うさぎの耳〈第三話〉シャボン玉のパペット|谷村志穂

photo by Nakamura Akio



莉子の声は急に柔らかくなった。荷物をバッグに押し入れて、

「じゃあ、またね。天使のリクくん」

そう言うと立ち上がり、こちらに微笑みかけた。

「本当に余計なことだけど、ちゃんと公園で友達作った方がいいよ。お母さん方は、みんなそれぞれ貴重な情報を持ってる。子育ての術を張りめぐらせて生きてる。きっと、リクくんのためになるんじゃない?」

そう言うと、風のように去っていった。その背中にも、理玖は、お、お、と声を発した。



谷村志穂 小説作りかけのパペットは、はじまりの輪はピンク色。そこから水色を足したが、しましまは、何度かやってみてもうまくいかず、今は水色の色がたらりと垂れたままだ。

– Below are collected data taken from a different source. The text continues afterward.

definition feas1 :: "nat \<Rightarrow> complex mat \<Rightarrow> complex vec \<Rightarrow> complex vec \<Rightarrow> real \<Rightarrow> real \<Rightarrow> real
    \<Rightarrow> complex mat \<Rightarrow> (complex vec \<times> complex mat) set" where
  "feas1 M G hdir hr Gam sigma2 P0 Phi =
     {(w, R). w \<in> carrier_vec M \<and> psd_mat M R
        \<and> sinr1 (chan G hdir hr Phi) w R sigma2 \<ge> Gam
        \<and> sqnorm w + Re (trace_mat R) \<le> P0}"

definition feas2 :: "nat \<Rightarrow> complex mat \<Rightarrow> complex vec \<Rightarrow> complex vec \<Rightarrow> real \<Rightarrow> real \<Rightarrow> real
    \<Rightarrow> complex mat \<Rightarrow> (complex vec \<times> complex mat) set" where
  "feas2 M G hdir hr Gam sigma2 P0 Phi =
     {(w, R). w \<in> carrier_vec M \<and> psd_mat M R
        \<and> sinr2 (chan G hdir hr Phi) w sigma2 \<ge> Gam
        \<and> sqnorm w + Re (trace_mat R) \<le> P0}"

text \<open>Optimal values (infimum; +infinity if infeasible).\<close>
definition val_P11 where
  "val_P11 M G hdir hr Gam sigma2 P0 Phi =
     (INF p \<in> feas1 M G hdir hr Gam sigma2 P0 Phi. crb G (outer (fst p) + snd p))"

definition val_P21 where
  "val_P21 M G hdir hr Gam sigma2 P0 Phi =
     (INF p \<in> feas2 M G hdir hr Gam sigma2 P0 Phi. crb G (outer (fst p) + snd p))"

definition val_P1 where
  "val_P1 M N G hdir hr Gam sigma2 P0 =
     (INF p \<in> {(v, w, R). unimod N v \<and> (w, R) \<in> feas1 M G hdir hr Gam sigma2 P0 (refl_mat N v)}.
        crb G (outer (fst (snd p)) + snd (snd p)))"

definition val_P2 where
  "val_P2 M N G hdir hr Gam sigma2 P0 =
     (INF p \<in> {(v, w, R). unimod N v \<and> (w, R) \<in> feas2 M G hdir hr Gam sigma2 P0 (refl_mat N v)}.
        crb G (outer (fst (snd p)) + snd (snd p)))"

definition feas_sdr :: "nat \<Rightarrow> complex mat \<Rightarrow> complex vec \<Rightarrow> complex vec \<Rightarrow> real \<Rightarrow> real \<Rightarrow> real
    \<Rightarrow> complex mat \<Rightarrow> (complex mat \<times> complex mat) set" where
  "feas_sdr M G hdir hr Gam sigma2 P0 Phi =
     (let H = outer (chan G hdir hr Phi) in
      {(W, R). psd_mat M W \<and> psd_mat M R
        \<and> (1 + 1 / Gam) * Re (trace_mat (H * W)) - Re (trace_mat (H * (W + R))) \<ge> sigma2
        \<and> Re (trace_mat W) + Re (trace_mat R) \<le> P0})"

definition sdr_has_opt where
  "sdr_has_opt M G hdir hr Gam sigma2 P0 Phi \<longleftrightarrow>
     (\<exists>p \<in> feas_sdr M G hdir hr Gam sigma2 P0 Phi.
        \<forall>q \<in> feas_sdr M G hdir hr Gam sigma2 P0 Phi.
          crb G (fst p + snd p) \<le> crb G (fst q + snd q))"

end

theory Submission
  imports Defs
begin

text \<open>
  The objective depends on a feasible point (w, R) only through the covariance X = w w^H + R,
  and the power constraint only through tr X. Given a Type-II feasible point, put q = h^H X h;
  the beam w' = X h / sqrt q and R' = X - w' w'^H have the same covariance, R' is positive
  semidefinite by the Cauchy-Schwarz inequality for the form of X, and R' h = 0. Hence w' suffers
  no sensing interference and |h^H w'|^2 = q \<ge> |h^H w|^2, so (w', R') is Type-I feasible.
  Both feasible sets therefore produce the same covariances and the same optimal values, for every
  reflection matrix.
\<close>

lemma mat_adjoint_carrier: "A \<in> carrier_mat n m \<Longrightarrow> mat_adjoint A \<in> carrier_mat m n"
  unfolding mat_adjoint_def by auto

lemma mat_adjoint_index:
  "A \<in> carrier_mat n m \<Longrightarrow> i < m \<Longrightarrow> j < n \<Longrightarrow> mat_adjoint A $$ (i,j) = cnj (A $$ (j,i))"
  unfolding mat_adjoint_def by (auto simp: mat_of_rows_def)

lemma hermitian_mat_iff_index:
  "hermitian_mat n A \<longleftrightarrow> A \<in> carrier_mat n n \<and> (\<forall>i<n. \<forall>j<n. A $$ (i,j) = cnj (A $$ (j,i)))"
proof
  assume "hermitian_mat n A"
  then have A: "A \<in> carrier_mat n n" and "mat_adjoint A = A"
    unfolding hermitian_mat_def by auto
  then show "A \<in> carrier_mat n n \<and> (\<forall>i<n. \<forall>j<n. A $$ (i,j) = cnj (A $$ (j,i)))"
    using mat_adjoint_index[OF A] by metis
next
  assume A: "A \<in> carrier_mat n n \<and> (\<forall>i<n. \<forall>j<n. A $$ (i,j) = cnj (A $$ (j,i)))"
  then have Ac: "A \<in> carrier_mat n n" by blast
  have "mat_adjoint A = A"
  proof (rule eq_matI)
    fix i j assume "i < dim_row A" "j < dim_col A"
    then have ij: "i < n" "j < n" using Ac by auto
    have "A $$ (j,i) = cnj (A $$ (i,j))" using A ij by blast
    then show "mat_adjoint A $$ (i,j) = A $$ (i,j)"
      using mat_adjoint_index[OF Ac ij] by simp
  qed (use mat_adjoint_carrier[OF Ac] Ac in auto)
  with Ac show "hermitian_mat n A"
    unfolding hermitian_mat_def by auto
qed

lemma hermitian_mat_add:
  assumes "hermitian_mat n A" "hermitian_mat n B"
  shows "hermitian_mat n (A + B)"
proof -
  have A: "A \<in> carrier_mat n n" "\<And>i j. i < n \<Longrightarrow> j < n \<Longrightarrow> A $$ (i,j) = cnj (A $$ (j,i))"
   and B: "B \<in> carrier_mat n n" "\<And>i j. i < n \<Longrightarrow> j < n \<Longrightarrow> B $$ (i,j) = cnj (B $$ (j,i))"
    using assms unfolding hermitian_mat_iff_index by blast+
  have "(A + B) $$ (i,j) = cnj ((A + B) $$ (j,i))" if "i < n" "j < n" for i j
    using A(1) B(1) A(2)[OF that] B(2)[OF that] that by simp
  moreover have "A + B \<in> carrier_mat n n"
    using A(1) B(1) by simp
  ultimately show ?thesis
    unfolding hermitian_mat_iff_index by blast
qed

lemma hermitian_mat_minus:
  assumes "hermitian_mat n A" "hermitian_mat n B"
  shows "hermitian_mat n (A - B)"
proof -
  have A: "A \<in> carrier_mat n n" "\<And>i j. i < n \<Longrightarrow> j < n \<Longrightarrow> A $$ (i,j) = cnj (A $$ (j,i))"
   and B: "B \<in> carrier_mat n n" "\<And>i j. i < n \<Longrightarrow> j < n \<Longrightarrow> B $$ (i,j) = cnj (B $$ (j,i))"
    using assms unfolding hermitian_mat_iff_index by blast+
  have "(A - B) $$ (i,j) = cnj ((A - B) $$ (j,i))" if "i < n" "j < n" for i j
    using A(1) B(1) A(2)[OF that] B(2)[OF that] that by simp
  moreover have "A - B \<in> carrier_mat n n"
    using A(1) B(1) by (simp add: minus_carrier_mat)
  ultimately show ?thesis
    unfolding hermitian_mat_iff_index by blast
qed

lemma outer_carrier: "w \<in> carrier_vec n \<Longrightarrow> outer w \<in> carrier_mat n n"
  unfolding outer_def by auto

lemma hermitian_mat_outer: "w \<in> carrier_vec n \<Longrightarrow> hermitian_mat n (outer w)"
  unfolding hermitian_mat_iff_index outer_def by (auto simp: mult.commute)

text \<open>\<open>sesq_form X x y\<close> is y^H X x; the quadratic forms in \<open>sinr1\<close> and \<open>psd_mat\<close> are its diagonal.\<close>

definition sesq_form :: "complex mat \<Rightarrow> complex vec \<Rightarrow> complex vec \<Rightarrow> complex" where
  "sesq_form X x y = (X *\<^sub>v x) \<bullet>c y"

lemma psd_mat_iff_sesq_form:
  "psd_mat n A \<longleftrightarrow> hermitian_mat n A \<and> (\<forall>x\<in>carrier_vec n. 0 \<le> Re (sesq_form A x x))"
  unfolding psd_mat_def sesq_form_def by simp

lemma sesq_form_sum:
  assumes "X \<in> carrier_mat n n" "x \<in> carrier_vec n" "y \<in> carrier_vec n"
  shows "sesq_form X x y = (\<Sum>i<n. \<Sum>j<n. X $$ (i,j) * x $ j * cnj (y $ i))"
  using assms unfolding sesq_form_def scalar_prod_def
  by (auto simp: mult_mat_vec_def row_def sum_distrib_right lessThan_atLeast0 scalar_prod_def
      intro!: sum.cong)

lemma sesq_form_cnj_swap:
  assumes "hermitian_mat n X" "x \<in> carrier_vec n" "y \<in> carrier_vec n"
  shows "sesq_form X x y = cnj (sesq_form X y x)"
proof -
  have X: "X \<in> carrier_mat n n"
    using assms(1) unfolding hermitian_mat_def by auto
  have sym: "cnj (X $$ (i,j)) = X $$ (j,i)" if "i < n" "j < n" for i j
    using assms(1) that unfolding hermitian_mat_iff_index by metis
  have "cnj (sesq_form X y x) = (\<Sum>i<n. \<Sum>j<n. X $$ (j,i) * x $ i * cnj (y $ j))"
    unfolding sesq_form_sum[OF X assms(3,2)] cnj_sum
    by (intro sum.cong refl) (simp add: sym mult.commute mult.left_commute)
  also have "\<dots> = sesq_form X x y"
    unfolding sesq_form_sum[OF X assms(2,3)] by (rule sum.swap)
  finally show ?thesis by simp
qed

lemma sesq_form_diag_real:
  assumes "hermitian_mat n X" "x \<in> carrier_vec n"
  shows "sesq_form X x x = of_real (Re (sesq_form X x x))"
  using sesq_form_cnj_swap[OF assms assms(2)] by (simp add: complex_eq_iff)

lemma sesq_form_add_mat:
  assumes "A \<in> carrier_mat n n" "B \<in> carrier_mat n n" "x \<in> carrier_vec n" "y \<in> carrier_vec n"
  shows "sesq_form (A + B) x y = sesq_form A x y + sesq_form B x y"
  unfolding sesq_form_def
  by (subst add_mult_distrib_mat_vec[OF assms(1-3)], rule add_scalar_prod_distrib[of _ n])
    (use assms in auto)

lemma sesq_form_minus_mat:
  assumes "A \<in> carrier_mat n n" "B \<in> carrier_mat n n" "x \<in> carrier_vec n" "y \<in> carrier_vec n"
  shows "sesq_form (A - B) x y = sesq_form A x y - sesq_form B x y"
  unfolding sesq_form_def
  by (subst minus_mult_distrib_mat_vec[OF assms(1-3)], rule minus_scalar_prod_distrib[of _ n])
    (use assms in auto)

lemma sesq_form_affine_left:
  assumes "X \<in> carrier_mat n n" "a \<in> carrier_vec n" "b \<in> carrier_vec n" "y \<in> carrier_vec n"
  shows "sesq_form X (a - c \<cdot>\<^sub>v b) y = sesq_form X a y - c * sesq_form X b y"
  unfolding sesq_form_def
  using assms
  by (simp add: mult_minus_distrib_mat_vec mult_mat_vec minus_scalar_prod_distrib[of _ n]
      smult_scalar_prod_distrib[of _ n])

lemma sesq_form_affine_right:
  assumes "hermitian_mat n X" "a \<in> carrier_vec n" "b \<in> carrier_vec n" "y \<in> carrier_vec n"
  shows "sesq_form X y (a - c \<cdot>\<^sub>v b) = sesq_form X y a - cnj c * sesq_form X y b"
proof -
  have X: "X \<in> carrier_mat n n"
    using assms(1) unfolding hermitian_mat_def by auto
  show ?thesis
    using assms sesq_form_affine_left[OF X assms(2-4), of c]
    by (simp add: sesq_form_cnj_swap[OF assms(1) assms(4)])
qed

lemma psd_sesq_form_Cauchy_Schwarz:
  assumes X: "psd_mat n X" and u: "u \<in> carrier_vec n" and v: "v \<in> carrier_vec n"
    and q_pos: "Re (sesq_form X v v) > 0"
  shows "(cmod (sesq_form X v u))\<^sup>2 \<le> Re (sesq_form X u u) * Re (sesq_form X v v)"
proof -
  have H: "hermitian_mat n X" and nonneg: "\<And>z. z \<in> carrier_vec n \<Longrightarrow> 0 \<le> Re (sesq_form X z z)"
    using X unfolding psd_mat_iff_sesq_form by auto
  have Xc: "X \<in> carrier_mat n n"
    using H unfolding hermitian_mat_def by auto
  define q where "q = Re (sesq_form X v v)"
  define \<beta> where "\<beta> = sesq_form X v u"
  define t where "t = cnj \<beta> / complex_of_real q"
  define z where "z = u - t \<cdot>\<^sub>v v"
  have z: "z \<in> carrier_vec n"
    unfolding z_def using u v by auto
  have vv: "sesq_form X v v = of_real q"
    unfolding q_def by (rule sesq_form_diag_real[OF H v])
  have uv: "sesq_form X u v = cnj \<beta>"
    unfolding \<beta>_def by (rule sesq_form_cnj_swap[OF H u v])
  have "sesq_form X z z = sesq_form X u z - t * sesq_form X v z"
    unfolding z_def by (rule sesq_form_affine_left[OF Xc u v z[unfolded z_def]])
  also have "\<dots> = sesq_form X u u - cnj t * cnj \<beta> - t * \<beta> + t * cnj t * of_real q"
    unfolding z_def sesq_form_affine_right[OF H u v u] sesq_form_affine_right[OF H u v v] uv vv \<beta>_def
    by (simp add: algebra_simps)
  \<comment> \<open>the choice of t makes the three correction terms equal to |\<beta>|^2 / q\<close>
  also have "\<dots> = sesq_form X u u - of_real ((cmod \<beta>)\<^sup>2 / q)"
  proof -
    have "\<beta> * cnj \<beta> = of_real ((cmod \<beta>)\<^sup>2)"
      by (metis complex_norm_square)
    then show ?thesis
      using q_pos unfolding t_def q_def[symmetric] by (simp add: field_simps)
  qed
  finally have "0 \<le> Re (sesq_form X u u) - (cmod \<beta>)\<^sup>2 / q"
    using nonneg[OF z] by simp
  then show ?thesis
    using q_pos unfolding \<beta>_def q_def by (simp add: field_simps)
qed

次の月曜日にも、次の金曜日にも、莉子は現れなかった。

学生時代に、韓国語の先生がこう言った。

――あなたたちの中で、今英語が苦手な人がいたら、その意識は、少し消えるかもしれません。なぜなら、新しく覚える韓国語は、もっと苦手でしょうから。そうすると、英語はましに思えてくるのです。複数の語学を同時に学ぶのは、実は苦手意識を順番に変えていく効果的な方法です。

待つという気持ちにも、同じ効果が現れた。いなくなった理久のパパを心の底ではずっと待っていた。もちろん、来る日も、来る日も、今だって。それに、突然、夢に見る。

けれど、莉子のことも待つようになると、私の「待つ」は、たった一つの重荷ではなくなったようにも感じた。

だから思いきって、ある日はいつもの公園で、誰かと友達になれるのか、見渡してみた。ベビーカーを押して、群れの方へ近づいてもみた。「こんにちは」も言った。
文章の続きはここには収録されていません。